*EXERCISE REQUIREMENTS*: From the data below, retype exactly the lines starting with the one that contains "using reach_imp_tree_path[OF tree_reach]" and ending with the one that contains "False by simp", both included.

*TASK INPUT*:
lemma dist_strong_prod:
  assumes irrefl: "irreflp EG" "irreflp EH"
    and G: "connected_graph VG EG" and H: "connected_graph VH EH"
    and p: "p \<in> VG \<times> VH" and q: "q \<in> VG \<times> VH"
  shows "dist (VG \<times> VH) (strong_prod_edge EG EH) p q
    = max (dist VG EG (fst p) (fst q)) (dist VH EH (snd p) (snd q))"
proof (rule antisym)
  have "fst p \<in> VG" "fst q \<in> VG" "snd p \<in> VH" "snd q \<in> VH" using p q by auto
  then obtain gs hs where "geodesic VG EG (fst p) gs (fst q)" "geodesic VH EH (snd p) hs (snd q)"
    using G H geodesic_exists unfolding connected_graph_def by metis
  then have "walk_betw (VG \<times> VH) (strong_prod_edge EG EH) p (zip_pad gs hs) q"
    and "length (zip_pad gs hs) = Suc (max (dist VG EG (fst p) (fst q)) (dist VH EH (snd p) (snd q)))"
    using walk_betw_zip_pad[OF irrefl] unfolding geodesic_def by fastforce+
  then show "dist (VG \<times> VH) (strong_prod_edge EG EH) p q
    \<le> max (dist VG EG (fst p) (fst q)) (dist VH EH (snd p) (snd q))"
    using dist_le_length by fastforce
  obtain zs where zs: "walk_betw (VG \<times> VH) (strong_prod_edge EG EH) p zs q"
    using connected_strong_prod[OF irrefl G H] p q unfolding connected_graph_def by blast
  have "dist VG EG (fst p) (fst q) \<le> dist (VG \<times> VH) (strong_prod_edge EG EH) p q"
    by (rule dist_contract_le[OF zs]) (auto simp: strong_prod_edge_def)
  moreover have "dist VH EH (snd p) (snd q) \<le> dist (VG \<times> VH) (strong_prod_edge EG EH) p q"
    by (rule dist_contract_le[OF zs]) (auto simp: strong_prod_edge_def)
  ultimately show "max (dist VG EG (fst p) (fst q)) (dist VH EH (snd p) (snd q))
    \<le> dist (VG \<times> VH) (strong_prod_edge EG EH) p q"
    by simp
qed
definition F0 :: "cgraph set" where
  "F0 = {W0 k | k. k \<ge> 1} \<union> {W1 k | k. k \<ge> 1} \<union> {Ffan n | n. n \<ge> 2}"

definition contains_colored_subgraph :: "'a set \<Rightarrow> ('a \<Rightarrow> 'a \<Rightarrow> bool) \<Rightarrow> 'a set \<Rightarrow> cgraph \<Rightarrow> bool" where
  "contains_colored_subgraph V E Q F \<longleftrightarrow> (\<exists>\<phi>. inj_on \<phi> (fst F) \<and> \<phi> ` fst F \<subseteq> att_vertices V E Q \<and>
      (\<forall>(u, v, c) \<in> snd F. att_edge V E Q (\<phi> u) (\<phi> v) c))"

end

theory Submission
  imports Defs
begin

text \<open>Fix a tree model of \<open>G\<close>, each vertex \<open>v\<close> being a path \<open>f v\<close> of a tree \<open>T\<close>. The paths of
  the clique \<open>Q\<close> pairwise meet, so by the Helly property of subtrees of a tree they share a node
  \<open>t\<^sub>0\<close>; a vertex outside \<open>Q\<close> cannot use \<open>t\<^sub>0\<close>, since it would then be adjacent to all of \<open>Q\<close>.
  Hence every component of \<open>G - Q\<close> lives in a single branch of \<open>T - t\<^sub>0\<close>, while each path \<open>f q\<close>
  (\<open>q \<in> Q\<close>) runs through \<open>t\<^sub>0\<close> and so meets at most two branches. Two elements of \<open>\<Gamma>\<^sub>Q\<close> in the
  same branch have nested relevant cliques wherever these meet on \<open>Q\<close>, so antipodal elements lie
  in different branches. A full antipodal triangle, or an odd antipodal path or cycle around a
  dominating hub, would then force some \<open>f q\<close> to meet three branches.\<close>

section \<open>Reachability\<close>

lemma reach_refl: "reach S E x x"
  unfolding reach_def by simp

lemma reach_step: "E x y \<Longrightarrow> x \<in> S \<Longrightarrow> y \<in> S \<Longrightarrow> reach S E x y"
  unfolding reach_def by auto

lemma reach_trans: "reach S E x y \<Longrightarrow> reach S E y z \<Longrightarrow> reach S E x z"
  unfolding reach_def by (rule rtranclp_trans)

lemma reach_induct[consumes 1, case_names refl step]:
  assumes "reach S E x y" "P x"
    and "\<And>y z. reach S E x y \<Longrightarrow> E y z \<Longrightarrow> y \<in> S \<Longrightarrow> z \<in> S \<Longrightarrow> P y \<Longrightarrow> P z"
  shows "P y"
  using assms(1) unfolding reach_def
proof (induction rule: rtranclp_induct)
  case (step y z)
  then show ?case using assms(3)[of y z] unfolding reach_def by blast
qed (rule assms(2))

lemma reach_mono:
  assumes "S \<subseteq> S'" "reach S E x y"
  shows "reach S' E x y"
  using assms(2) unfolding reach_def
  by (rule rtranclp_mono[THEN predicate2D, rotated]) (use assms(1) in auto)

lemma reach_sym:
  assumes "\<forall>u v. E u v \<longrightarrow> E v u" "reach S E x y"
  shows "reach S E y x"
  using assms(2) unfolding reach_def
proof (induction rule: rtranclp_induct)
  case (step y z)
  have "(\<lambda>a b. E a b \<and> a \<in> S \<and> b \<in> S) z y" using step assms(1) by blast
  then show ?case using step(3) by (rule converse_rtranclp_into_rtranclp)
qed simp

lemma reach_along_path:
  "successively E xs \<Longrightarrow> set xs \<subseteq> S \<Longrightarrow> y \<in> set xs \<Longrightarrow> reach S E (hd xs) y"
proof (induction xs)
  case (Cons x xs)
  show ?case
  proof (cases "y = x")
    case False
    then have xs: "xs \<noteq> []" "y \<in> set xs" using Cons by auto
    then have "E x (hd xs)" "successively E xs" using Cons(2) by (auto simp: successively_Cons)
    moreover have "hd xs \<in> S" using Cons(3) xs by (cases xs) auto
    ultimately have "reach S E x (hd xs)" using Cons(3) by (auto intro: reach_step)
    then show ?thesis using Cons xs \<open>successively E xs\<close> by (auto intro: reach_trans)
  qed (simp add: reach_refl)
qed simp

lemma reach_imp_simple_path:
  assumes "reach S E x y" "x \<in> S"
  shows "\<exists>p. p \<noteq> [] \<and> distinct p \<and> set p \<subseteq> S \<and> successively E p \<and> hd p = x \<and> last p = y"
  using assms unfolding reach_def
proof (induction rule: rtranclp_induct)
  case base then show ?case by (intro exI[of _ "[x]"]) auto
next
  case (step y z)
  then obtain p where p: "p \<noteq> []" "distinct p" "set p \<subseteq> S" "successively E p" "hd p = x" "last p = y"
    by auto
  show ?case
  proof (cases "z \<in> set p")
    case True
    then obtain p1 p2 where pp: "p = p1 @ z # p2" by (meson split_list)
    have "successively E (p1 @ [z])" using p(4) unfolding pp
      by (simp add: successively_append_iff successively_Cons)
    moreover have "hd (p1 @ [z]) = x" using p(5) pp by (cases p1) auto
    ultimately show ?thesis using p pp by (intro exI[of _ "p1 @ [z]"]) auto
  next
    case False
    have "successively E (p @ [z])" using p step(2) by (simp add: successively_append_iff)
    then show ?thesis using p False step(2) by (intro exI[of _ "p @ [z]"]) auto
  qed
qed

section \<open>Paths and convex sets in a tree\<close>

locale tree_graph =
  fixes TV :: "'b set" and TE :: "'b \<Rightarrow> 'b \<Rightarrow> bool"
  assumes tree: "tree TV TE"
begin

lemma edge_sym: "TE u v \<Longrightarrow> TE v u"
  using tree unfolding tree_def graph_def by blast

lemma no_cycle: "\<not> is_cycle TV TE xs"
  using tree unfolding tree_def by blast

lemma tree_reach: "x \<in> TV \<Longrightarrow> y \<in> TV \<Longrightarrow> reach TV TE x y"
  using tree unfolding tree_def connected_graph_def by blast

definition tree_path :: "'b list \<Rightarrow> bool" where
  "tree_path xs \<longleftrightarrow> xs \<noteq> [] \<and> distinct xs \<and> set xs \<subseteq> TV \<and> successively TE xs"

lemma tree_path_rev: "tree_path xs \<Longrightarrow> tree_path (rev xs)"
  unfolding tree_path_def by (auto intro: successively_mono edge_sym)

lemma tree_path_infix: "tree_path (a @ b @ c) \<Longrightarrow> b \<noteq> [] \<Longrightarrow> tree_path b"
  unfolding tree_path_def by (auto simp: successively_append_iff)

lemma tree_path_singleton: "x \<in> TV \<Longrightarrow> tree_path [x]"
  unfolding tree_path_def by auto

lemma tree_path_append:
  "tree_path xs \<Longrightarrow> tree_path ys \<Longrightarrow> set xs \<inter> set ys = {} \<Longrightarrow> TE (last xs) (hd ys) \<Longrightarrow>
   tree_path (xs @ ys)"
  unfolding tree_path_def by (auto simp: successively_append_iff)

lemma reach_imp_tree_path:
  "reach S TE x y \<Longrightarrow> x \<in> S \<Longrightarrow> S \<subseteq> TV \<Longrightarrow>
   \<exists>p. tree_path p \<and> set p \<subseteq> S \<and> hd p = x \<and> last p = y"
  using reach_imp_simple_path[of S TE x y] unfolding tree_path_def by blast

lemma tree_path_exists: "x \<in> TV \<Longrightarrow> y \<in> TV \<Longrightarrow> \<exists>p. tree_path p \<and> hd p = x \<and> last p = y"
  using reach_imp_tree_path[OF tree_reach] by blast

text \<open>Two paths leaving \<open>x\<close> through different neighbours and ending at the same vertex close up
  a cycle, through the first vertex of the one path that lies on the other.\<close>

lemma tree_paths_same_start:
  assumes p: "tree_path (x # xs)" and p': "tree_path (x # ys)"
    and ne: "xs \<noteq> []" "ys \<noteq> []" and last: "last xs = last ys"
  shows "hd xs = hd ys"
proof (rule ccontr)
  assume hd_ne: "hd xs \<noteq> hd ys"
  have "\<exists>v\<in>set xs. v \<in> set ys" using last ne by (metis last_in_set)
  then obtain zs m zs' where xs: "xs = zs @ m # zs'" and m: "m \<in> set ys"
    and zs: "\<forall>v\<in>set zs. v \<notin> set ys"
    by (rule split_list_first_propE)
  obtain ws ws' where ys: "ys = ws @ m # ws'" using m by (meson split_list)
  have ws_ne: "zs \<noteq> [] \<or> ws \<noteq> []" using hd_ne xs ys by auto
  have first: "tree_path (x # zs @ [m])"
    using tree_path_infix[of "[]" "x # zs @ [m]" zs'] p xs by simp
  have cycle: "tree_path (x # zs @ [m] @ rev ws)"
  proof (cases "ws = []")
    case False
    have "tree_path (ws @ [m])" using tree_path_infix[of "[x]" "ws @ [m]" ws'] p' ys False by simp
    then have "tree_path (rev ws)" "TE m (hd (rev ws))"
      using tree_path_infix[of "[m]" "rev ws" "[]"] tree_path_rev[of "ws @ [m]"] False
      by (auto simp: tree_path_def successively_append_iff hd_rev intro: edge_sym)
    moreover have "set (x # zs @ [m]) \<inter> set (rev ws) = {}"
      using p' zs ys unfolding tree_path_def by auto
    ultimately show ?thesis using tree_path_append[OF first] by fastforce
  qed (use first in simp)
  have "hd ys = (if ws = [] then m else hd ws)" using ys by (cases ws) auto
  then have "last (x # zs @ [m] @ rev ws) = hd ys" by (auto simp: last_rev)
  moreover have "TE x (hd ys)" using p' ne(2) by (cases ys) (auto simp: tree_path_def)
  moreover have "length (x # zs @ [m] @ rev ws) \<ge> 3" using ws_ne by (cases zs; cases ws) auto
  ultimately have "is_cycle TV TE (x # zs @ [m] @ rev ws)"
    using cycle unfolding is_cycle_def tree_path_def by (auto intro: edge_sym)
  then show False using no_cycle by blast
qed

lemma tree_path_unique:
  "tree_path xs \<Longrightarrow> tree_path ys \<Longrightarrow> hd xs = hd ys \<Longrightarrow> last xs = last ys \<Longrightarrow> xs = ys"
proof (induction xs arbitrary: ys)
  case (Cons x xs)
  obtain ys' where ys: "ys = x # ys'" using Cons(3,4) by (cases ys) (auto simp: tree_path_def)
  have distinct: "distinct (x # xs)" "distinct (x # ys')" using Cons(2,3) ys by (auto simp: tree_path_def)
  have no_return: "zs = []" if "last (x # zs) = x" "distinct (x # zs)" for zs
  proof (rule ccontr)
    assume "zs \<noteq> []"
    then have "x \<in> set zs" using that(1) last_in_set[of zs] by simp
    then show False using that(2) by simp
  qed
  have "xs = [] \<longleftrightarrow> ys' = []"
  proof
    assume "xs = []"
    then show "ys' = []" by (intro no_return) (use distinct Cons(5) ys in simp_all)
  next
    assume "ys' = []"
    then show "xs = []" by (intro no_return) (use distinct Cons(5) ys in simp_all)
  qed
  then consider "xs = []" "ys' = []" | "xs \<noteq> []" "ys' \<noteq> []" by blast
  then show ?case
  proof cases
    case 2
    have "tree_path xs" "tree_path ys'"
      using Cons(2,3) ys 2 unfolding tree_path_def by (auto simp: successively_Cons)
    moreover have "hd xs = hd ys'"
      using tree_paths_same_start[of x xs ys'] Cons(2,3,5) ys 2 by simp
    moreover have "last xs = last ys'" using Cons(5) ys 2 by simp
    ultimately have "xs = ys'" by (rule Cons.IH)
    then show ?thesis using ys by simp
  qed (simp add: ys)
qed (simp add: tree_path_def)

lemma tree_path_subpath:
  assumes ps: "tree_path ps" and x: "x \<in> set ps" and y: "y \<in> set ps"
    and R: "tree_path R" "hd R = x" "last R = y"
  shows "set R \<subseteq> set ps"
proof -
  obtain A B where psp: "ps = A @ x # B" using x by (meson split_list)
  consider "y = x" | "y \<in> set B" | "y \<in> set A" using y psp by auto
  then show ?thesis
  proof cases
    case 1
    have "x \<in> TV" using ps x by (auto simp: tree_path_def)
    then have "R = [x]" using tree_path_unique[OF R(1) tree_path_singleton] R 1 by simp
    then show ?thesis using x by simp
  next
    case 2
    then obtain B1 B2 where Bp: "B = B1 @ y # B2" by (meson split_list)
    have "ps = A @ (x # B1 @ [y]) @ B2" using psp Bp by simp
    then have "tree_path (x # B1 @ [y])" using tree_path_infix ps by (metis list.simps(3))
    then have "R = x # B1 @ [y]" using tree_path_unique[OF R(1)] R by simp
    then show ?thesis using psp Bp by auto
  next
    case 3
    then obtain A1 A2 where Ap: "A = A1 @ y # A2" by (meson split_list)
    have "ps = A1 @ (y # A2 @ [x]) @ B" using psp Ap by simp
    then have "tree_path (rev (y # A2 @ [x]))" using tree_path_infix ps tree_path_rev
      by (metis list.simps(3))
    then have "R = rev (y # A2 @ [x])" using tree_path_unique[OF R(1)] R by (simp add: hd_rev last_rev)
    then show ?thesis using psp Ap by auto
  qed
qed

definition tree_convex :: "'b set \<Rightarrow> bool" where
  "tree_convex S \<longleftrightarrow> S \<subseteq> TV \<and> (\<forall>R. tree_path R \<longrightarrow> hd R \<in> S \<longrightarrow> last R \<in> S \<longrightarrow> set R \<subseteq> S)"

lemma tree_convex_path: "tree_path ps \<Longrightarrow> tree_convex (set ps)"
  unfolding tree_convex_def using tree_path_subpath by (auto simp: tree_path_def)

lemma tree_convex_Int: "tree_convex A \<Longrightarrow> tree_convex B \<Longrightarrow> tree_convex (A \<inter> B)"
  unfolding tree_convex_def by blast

*RESPONSE*:
  using reach_imp_tree_path[OF tree_reach] by blast

text \<open>Two paths leaving \<open>x\<close> through different neighbours and ending at the same vertex close up
  a cycle, through the first vertex of the one path that lies on the other.\<close>

lemma tree_paths_same_start:
  assumes p: "tree_path (x # xs)" and p': "tree_path (x # ys)"
    and ne: "xs \<noteq> []" "ys \<noteq> []" and last: "last xs = last ys"
  shows "hd xs = hd ys"
proof (rule ccontr)
  assume hd_ne: "hd xs \<noteq> hd ys"
  have "\<exists>v\<in>set xs. v \<in> set ys" using last ne by (metis last_in_set)
  then obtain zs m zs' where xs: "xs = zs @ m # zs'" and m: "m \<in> set ys"
    and zs: "\<forall>v\<in>set zs. v \<notin> set ys"
    by (rule split_list_first_propE)
  obtain ws ws' where ys: "ys = ws @ m # ws'" using m by (meson split_list)
  have ws_ne: "zs \<noteq> [] \<or> ws \<noteq> []" using hd_ne xs ys by auto
  have first: "tree_path (x # zs @ [m])"
    using tree_path_infix[of "[]" "x # zs @ [m]" zs'] p xs by simp
  have cycle: "tree_path (x # zs @ [m] @ rev ws)"
  proof (cases "ws = []")
    case False
    have "tree_path (ws @ [m])" using tree_path_infix[of "[x]" "ws @ [m]" ws'] p' ys False by simp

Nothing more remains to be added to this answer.